Home / Berita / Daerah / Ulama Bali: Dakwah Harus dengan Aksi Nyata

Ulama Bali: Dakwah Harus dengan Aksi Nyata

Ilustrasi - kampung Islam di Bali. (ROL)
Ilustrasi – kampung Islam di Bali. (ROL)

dakwatuna.com – Denpasar. Dakwah dinilai bertujuan untuk mengubah masyarakat agar kehidupan dunia dan ibadahnya lebih baik. Ulama asal Candisa, Karangasem, Bali Ali H Saleh menjelaskan, dakwah hanya bisa dilakukan dengan upaya-upaya yang nyata.

“Memberdayakan masyarakat hanya bisa dilakukan dengan dakwah bil haal. Harus dengan aksi nyata,” kata Ali. Da’i tersebut mengatakan, dakwah tidak bisa hanya dengan ceramah dan ajakan-ajakan. Akan tetapi, memberi contoh dan teladan, bahkan dengan uluran tangan.

Menurutnya, orang-orang yang kehidupan ekonominya susah, selama ini paling banyak menghadapi masalah ketika hendak beribadah.

Penggagas dakwah bil haal itu mengatakan, umat Islam harus belajar ke orang Barat dalam membina umat.
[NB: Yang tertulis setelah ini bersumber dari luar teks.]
(* Let $M$ be a matroid on $E=[n]$, $t,u$ positive integers, $\mathcal F$ the regular mixed subdivision defined below. For an ordered partition $(X,Y)$ of $[n]\setminus\{1\}$ let $T_{(X,Y)}=\mathbf e_{B}+u\Delta_{\{1\}\cup X}+t\nabla_{\{1\}\cup Y}$ be the top-degree face of $\mathcal F$ indexed by it ($B$ the unique basis making this a top-degree face). Let $(X_1,Y_1)\ne(X_2,Y_2)$ be two such partitions whose top-degree faces $T_1,T_2$ contain a common point $p$, and let $(X_3,Y_3)$ be a partition of $[n]\setminus\{1\}$ with $X_1\cap X_2\subseteq X_3$ and $Y_1\cap Y_2\subseteq Y_3$. Then $p\in T_3=T_{(X_3,Y_3)}$, and the bases of $T_1,T_2,T_3$ all coincide.
   Context: $M$ is a matroid on $E=[n]=\{1,\dots,n\}$. $P(M)\subseteq\mathbb R^E$ is the convex hull of the indicator vectors $\mathbf e_B$ of bases $B$. For nonempty $S\subseteq E$, $\Delta_S=\operatorname{conv}\{\mathbf e_i:i\in S\}$, $\nabla_S=-\Delta_S$, $\Delta=\Delta_E$, $\nabla=\nabla_E$. The subdivision: fix reals $0<\alpha_1<\dots<\alpha_n$, $0<\beta_1<\dots<\beta_n$; let $\mathit{Lift}=\operatorname{conv}\{(u\mathbf e_i,\alpha_i)\}+(P(M)\times\{0\})+\operatorname{conv}\{(-t\mathbf e_i,\beta_i)\}\subseteq\mathbb R^E\times\mathbb R$. The lower faces of $\mathit{Lift}$ are the faces on which some linear functional with last coordinate $-1$ attains its maximum; their projections to $\mathbb R^E$ form the regular mixed subdivision $\mathcal F$ of $u\Delta+P(M)+t\nabla$. Each cell is canonically written $F+G+H$ (projections of the faces of the three summands of $\mathit{Lift}$ maximizing the same functional), with $F$ a face of $u\Delta$, $G$ a face of $P(M)$, $H$ a face of $t\nabla$. A top-degree face is a maximal cell $F+G+H$ of $\mathcal F$ with $G$ a vertex of $P(M)$. For each $X,Y$ with $X\cup Y=E$, $X\cap Y=\{1\}$ there is a unique basis $B$ such that $u\Delta_X+\mathbf e_B+t\nabla_Y$ is a top-degree face. *)

theory Defs
  imports Main "HOL-Analysis.Analysis"
begin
Selain memberikan bantuan, penerima bantuan dibimbing secara managemen, sambil dibekali masalah-masalah agama. “Kalau ekonomi sudah bagus, pastilah umat bisa beribadah lebih khusyuk,” katanya.

Ali yang pernah aktif dalam lembaga Foster Parent Plan (FPP) di Kabupaten Karangasem, mengaku belajar dari sana.
Dari aktivitasnya itu, dia menyusun buah pemikiran tentang dakwah bil haal dan kini semakin banyak dikenal oleh masyarakat Islam. Konsep dakwah bil haal yang disusun Ali, sempat didikusikan bersama sejumlah tokoh nasional, antara lain Ketua MUI Bali HSH Adnan (alm) dan juga Ketua Umum MUI saat itu KH Zaenal Muttaqin (alm). (Ahmad Baaras/A.Syalaby Ichsan/ROL)

About these ads

Redaktur: Ardne

Beri Nilai:
1 Star2 Stars3 Stars4 Stars5 Stars6 Stars7 Stars8 Stars9 Stars10 Stars (1 votes, average: 10,00 out of 10)
Loading...

Bergabunglah ke Channel @dakwatuna di Telegram, caranya klik di sini.
Tim dakwatuna adalah tim redaksi yang mengelola dakwatuna.com. Mereka terdiri dari dewan redaksi dan redaktur pelaksana dakwatuna.com

Lihat Juga

SIdang Umum Interpol di Bali. (alqudspress.com)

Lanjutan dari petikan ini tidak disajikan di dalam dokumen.